* _What to work on_: Would you return the lines between the one holding "using x hit" and the one holding "x) (f x) \<le>", inclusive, and only those, exactly as they stand in the listing below?

* _Listed records_:
------------------------------------------------------------------------
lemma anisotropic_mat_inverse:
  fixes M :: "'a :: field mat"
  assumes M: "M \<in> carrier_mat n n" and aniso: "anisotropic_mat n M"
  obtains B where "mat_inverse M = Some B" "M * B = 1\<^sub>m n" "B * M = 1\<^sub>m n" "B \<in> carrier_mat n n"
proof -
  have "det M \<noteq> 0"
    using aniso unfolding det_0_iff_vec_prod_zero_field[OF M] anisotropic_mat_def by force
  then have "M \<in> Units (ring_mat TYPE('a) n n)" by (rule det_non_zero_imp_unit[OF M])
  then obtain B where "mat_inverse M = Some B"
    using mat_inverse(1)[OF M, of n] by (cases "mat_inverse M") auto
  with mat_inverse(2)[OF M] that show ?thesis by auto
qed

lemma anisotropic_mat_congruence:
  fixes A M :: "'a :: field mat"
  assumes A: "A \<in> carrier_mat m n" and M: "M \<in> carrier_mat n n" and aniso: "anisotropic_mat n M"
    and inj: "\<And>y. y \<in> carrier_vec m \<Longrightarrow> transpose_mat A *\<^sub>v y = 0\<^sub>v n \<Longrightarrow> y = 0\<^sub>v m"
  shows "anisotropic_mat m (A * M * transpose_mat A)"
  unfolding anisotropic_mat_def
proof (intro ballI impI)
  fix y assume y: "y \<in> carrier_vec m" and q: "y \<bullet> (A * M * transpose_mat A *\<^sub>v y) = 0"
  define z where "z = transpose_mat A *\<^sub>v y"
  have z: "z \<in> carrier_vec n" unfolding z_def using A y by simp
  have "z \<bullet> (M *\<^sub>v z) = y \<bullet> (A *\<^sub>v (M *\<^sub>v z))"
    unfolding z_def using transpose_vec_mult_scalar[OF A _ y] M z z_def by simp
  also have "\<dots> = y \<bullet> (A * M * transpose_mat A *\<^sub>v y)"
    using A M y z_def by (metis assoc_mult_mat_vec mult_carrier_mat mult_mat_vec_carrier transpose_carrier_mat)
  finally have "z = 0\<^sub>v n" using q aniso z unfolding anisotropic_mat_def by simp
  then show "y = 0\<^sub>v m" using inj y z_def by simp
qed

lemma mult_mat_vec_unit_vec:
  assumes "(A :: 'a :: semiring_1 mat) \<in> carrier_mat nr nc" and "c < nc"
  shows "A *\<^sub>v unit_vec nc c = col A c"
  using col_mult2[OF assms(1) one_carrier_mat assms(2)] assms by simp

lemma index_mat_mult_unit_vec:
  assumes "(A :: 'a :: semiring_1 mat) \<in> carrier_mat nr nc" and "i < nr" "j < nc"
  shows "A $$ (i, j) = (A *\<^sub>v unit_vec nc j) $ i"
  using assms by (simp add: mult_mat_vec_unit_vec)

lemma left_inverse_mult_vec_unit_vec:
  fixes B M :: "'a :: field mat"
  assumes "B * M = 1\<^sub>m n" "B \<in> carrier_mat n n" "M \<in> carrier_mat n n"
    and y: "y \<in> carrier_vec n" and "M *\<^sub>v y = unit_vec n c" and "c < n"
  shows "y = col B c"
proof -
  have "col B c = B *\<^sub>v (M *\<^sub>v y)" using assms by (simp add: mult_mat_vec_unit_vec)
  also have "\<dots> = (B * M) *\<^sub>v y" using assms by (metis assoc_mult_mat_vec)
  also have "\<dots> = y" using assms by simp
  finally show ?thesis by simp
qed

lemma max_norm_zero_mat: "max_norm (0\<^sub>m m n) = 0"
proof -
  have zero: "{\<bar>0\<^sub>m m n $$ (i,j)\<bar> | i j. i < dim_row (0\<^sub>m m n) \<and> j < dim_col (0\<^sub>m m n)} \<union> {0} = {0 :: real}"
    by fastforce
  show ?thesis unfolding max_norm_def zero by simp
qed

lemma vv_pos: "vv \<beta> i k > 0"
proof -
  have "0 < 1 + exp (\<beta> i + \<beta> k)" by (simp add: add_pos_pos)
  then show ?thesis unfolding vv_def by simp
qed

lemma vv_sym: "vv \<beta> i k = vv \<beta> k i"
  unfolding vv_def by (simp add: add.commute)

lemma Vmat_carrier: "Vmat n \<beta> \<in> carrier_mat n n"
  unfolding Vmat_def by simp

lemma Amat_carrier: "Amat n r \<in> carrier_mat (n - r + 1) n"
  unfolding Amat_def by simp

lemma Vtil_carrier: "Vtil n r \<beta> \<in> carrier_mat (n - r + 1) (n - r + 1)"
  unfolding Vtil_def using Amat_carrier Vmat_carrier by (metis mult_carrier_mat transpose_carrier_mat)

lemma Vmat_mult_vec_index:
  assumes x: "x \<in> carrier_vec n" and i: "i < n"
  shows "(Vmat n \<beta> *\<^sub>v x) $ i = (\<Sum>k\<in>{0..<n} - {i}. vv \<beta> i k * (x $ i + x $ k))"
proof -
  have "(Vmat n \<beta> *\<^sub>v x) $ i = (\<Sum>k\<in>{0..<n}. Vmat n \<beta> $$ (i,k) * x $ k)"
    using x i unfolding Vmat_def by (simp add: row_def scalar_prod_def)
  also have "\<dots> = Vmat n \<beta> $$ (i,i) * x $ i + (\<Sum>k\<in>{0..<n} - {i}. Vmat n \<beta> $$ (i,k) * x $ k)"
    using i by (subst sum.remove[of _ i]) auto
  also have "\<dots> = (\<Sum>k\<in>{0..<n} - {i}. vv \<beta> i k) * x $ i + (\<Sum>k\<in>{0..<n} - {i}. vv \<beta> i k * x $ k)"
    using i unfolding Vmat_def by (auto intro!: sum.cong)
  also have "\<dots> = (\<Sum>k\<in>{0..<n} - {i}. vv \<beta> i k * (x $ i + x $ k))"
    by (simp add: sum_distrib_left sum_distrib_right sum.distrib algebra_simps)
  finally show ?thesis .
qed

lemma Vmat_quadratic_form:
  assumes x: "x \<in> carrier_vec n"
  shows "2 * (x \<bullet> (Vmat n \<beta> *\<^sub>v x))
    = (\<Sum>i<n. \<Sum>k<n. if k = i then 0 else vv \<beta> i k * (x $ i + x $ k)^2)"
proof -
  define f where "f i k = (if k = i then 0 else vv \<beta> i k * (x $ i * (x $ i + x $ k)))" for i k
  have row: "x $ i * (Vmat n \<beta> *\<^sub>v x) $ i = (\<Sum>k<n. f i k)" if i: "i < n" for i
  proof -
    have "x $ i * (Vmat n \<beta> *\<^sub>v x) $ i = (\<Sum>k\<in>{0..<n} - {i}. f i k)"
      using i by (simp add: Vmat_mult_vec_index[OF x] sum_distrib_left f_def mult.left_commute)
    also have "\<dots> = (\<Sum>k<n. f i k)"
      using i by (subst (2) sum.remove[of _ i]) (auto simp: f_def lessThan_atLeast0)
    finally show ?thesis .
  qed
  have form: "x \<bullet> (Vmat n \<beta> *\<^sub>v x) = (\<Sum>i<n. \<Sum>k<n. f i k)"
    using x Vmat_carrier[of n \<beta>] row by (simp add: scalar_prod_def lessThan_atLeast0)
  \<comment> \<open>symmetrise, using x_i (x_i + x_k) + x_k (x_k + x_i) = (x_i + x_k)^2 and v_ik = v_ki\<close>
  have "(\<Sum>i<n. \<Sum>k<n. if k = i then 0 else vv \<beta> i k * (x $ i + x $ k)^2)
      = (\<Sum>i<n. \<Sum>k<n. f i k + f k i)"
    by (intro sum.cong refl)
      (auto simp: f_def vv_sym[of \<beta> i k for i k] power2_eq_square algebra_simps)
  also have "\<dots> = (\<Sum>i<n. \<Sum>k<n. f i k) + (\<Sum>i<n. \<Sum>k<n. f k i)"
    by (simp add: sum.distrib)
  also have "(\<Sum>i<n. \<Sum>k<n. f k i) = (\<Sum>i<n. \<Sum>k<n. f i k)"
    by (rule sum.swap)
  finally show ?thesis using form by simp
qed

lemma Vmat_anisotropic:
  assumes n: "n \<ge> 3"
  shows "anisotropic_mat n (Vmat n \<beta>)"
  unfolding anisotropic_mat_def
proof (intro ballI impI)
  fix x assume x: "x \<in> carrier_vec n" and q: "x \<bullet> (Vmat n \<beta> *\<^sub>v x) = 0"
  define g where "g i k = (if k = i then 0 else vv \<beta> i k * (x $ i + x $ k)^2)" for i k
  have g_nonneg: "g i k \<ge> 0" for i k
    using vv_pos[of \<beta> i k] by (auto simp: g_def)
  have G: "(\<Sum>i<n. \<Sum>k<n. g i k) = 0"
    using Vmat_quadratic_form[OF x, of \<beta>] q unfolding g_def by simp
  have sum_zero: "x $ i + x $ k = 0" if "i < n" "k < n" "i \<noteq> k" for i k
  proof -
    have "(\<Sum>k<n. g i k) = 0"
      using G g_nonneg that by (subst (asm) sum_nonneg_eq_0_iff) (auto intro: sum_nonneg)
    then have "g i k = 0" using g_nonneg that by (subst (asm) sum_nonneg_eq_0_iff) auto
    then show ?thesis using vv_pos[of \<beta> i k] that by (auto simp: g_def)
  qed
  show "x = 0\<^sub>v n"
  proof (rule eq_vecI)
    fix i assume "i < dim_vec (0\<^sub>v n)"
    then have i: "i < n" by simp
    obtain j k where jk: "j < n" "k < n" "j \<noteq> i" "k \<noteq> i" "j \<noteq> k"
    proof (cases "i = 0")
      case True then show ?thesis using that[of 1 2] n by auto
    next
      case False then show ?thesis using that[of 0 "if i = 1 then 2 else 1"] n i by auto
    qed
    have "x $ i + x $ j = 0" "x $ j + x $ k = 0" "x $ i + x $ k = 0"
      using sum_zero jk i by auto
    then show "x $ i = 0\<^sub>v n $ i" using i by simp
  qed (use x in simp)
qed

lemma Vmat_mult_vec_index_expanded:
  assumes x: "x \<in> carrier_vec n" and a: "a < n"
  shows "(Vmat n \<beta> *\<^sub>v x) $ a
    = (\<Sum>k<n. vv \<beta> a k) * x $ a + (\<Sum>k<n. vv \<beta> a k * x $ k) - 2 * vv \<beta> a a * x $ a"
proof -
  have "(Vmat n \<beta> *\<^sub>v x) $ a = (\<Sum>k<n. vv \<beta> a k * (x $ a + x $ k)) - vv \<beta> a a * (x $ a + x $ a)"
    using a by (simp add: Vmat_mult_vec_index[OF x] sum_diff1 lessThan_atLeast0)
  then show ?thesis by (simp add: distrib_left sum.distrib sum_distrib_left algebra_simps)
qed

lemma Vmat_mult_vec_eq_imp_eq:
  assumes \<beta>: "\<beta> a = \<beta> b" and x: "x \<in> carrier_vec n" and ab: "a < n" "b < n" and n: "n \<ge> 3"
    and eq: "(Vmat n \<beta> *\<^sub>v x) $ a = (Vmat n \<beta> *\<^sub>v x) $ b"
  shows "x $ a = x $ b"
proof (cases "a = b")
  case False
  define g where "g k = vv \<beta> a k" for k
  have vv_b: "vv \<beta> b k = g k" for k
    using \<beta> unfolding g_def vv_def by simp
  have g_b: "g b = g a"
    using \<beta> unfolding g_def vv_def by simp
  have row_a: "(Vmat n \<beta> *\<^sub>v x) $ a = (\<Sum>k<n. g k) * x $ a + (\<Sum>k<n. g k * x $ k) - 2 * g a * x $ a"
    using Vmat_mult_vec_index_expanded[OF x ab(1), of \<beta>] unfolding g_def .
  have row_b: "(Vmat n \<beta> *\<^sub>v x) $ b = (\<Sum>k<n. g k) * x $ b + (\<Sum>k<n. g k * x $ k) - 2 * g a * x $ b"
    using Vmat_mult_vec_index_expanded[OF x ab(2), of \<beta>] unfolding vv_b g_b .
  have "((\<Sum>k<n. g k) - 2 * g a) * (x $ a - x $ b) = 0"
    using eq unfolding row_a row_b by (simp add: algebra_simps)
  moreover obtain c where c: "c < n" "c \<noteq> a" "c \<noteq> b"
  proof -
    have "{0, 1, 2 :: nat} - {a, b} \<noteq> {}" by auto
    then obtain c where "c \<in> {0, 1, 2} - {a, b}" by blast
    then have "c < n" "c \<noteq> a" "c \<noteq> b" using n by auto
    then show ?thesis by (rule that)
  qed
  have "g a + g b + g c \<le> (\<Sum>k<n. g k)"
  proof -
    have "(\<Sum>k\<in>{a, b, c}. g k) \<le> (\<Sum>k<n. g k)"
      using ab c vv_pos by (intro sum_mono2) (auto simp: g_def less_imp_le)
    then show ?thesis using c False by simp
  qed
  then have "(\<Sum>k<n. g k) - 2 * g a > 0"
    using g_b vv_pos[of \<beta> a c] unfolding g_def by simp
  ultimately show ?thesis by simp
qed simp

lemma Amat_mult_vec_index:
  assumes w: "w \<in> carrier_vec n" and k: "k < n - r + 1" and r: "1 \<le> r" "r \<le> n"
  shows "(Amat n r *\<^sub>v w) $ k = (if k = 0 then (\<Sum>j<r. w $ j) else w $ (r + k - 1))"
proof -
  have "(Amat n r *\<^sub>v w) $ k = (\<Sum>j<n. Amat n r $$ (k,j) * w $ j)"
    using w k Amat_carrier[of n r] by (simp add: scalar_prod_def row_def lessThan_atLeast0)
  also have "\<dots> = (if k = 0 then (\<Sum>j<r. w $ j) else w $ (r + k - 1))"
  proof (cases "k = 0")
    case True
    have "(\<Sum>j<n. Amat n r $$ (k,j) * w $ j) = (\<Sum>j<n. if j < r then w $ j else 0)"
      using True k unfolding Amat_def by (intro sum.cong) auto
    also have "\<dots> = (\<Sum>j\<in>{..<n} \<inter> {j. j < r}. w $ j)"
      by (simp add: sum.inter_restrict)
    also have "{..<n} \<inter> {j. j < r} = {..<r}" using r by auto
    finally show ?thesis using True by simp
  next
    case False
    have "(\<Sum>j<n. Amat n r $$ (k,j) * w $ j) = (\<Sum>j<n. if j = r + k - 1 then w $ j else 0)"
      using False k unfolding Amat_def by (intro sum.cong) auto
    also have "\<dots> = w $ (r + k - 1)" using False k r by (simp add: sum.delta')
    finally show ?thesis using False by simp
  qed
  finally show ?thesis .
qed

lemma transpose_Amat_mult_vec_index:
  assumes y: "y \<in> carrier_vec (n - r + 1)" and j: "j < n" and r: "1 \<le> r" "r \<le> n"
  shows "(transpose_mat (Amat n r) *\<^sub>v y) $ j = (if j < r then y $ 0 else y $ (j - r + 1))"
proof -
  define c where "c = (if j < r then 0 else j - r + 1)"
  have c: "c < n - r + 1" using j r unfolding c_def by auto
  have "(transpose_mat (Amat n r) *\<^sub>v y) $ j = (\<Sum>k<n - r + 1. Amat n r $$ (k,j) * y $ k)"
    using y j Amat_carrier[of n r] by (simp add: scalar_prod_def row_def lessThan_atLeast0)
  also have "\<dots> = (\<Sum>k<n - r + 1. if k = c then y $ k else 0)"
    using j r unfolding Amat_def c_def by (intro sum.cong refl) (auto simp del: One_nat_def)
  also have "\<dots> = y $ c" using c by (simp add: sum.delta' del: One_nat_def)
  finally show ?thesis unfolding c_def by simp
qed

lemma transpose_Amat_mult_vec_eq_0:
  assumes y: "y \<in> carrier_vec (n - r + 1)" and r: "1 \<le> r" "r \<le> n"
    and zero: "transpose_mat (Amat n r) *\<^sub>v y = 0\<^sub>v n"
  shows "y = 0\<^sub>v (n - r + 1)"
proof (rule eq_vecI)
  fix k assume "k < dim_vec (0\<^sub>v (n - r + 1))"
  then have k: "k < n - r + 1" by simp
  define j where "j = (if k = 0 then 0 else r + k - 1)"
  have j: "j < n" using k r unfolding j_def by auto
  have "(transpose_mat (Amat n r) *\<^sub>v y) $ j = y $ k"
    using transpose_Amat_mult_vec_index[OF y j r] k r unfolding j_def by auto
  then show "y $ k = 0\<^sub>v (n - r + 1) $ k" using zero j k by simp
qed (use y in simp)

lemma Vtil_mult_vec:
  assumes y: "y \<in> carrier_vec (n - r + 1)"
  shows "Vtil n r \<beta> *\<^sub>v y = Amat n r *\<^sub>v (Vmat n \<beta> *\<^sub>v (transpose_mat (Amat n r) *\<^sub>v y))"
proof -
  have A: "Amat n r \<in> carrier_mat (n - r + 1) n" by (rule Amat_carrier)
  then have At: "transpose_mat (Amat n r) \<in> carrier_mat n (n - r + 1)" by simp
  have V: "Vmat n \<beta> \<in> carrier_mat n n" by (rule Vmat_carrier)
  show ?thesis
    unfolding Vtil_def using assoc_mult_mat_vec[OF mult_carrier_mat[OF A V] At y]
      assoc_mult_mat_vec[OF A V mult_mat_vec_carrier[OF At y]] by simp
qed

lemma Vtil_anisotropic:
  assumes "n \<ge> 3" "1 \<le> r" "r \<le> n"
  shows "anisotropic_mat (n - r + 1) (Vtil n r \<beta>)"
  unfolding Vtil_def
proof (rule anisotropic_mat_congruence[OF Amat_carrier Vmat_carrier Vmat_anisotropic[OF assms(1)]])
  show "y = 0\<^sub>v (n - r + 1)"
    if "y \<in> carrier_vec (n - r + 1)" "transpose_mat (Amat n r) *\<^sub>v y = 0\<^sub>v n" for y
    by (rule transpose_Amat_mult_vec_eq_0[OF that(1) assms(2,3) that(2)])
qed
------------------------------------------------------------------------
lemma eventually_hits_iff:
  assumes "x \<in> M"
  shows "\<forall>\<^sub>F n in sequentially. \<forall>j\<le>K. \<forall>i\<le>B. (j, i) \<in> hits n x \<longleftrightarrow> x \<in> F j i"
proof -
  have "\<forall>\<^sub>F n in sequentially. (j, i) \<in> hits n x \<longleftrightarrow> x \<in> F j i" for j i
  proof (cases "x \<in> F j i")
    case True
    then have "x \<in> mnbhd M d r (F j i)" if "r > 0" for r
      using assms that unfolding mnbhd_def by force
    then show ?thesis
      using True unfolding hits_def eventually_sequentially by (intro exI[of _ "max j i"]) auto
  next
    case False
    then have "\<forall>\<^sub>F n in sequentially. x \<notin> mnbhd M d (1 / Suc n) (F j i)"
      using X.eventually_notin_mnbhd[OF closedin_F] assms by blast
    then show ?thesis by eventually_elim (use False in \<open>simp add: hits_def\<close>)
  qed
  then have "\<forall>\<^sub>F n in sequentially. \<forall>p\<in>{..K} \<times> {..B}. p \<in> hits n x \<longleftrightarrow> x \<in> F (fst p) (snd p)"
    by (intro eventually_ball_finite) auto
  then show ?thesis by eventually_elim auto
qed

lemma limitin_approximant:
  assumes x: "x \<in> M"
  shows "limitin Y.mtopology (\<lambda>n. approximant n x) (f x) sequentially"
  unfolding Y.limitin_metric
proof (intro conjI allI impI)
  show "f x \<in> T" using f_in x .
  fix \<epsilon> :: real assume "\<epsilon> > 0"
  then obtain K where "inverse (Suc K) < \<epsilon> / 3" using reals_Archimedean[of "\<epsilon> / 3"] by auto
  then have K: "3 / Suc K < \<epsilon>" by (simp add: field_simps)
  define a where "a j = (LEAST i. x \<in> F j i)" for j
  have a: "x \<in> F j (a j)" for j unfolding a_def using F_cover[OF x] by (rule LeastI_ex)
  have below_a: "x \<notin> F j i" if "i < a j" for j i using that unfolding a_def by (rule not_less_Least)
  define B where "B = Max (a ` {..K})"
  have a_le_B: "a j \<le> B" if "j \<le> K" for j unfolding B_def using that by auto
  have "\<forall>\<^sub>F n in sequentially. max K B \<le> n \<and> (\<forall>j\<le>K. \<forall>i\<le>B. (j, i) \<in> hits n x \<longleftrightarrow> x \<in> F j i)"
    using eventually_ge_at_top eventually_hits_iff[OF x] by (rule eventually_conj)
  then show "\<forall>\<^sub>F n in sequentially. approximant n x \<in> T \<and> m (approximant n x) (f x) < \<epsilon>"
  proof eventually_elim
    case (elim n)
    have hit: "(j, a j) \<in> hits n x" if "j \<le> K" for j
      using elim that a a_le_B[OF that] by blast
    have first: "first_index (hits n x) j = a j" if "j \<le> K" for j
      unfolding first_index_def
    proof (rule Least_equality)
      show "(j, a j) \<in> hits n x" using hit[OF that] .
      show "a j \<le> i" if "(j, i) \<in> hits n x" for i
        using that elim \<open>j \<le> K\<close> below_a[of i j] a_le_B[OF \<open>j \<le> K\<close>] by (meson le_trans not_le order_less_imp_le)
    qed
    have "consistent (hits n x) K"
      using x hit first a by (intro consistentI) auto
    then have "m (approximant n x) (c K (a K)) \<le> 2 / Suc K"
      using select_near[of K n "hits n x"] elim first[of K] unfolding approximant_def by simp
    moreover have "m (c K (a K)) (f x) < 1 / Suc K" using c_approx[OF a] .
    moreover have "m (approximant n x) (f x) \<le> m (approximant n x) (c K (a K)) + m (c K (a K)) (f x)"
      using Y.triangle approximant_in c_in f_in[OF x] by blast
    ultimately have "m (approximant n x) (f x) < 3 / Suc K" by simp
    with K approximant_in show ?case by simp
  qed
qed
------------------------------------------------------------------------
* _Task output_:
      using x hit first a by (intro consistentI) auto
    then have "m (approximant n x) (c K (a K)) \<le> 2 / Suc K"
      using select_near[of K n "hits n x"] elim first[of K] unfolding approximant_def by simp
    moreover have "m (c K (a K)) (f x) < 1 / Suc K" using c_approx[OF a] .
    moreover have "m (approximant n x) (f x) \<le> m (approximant n x) (c K (a K)) + m (c K (a K)) (f x)"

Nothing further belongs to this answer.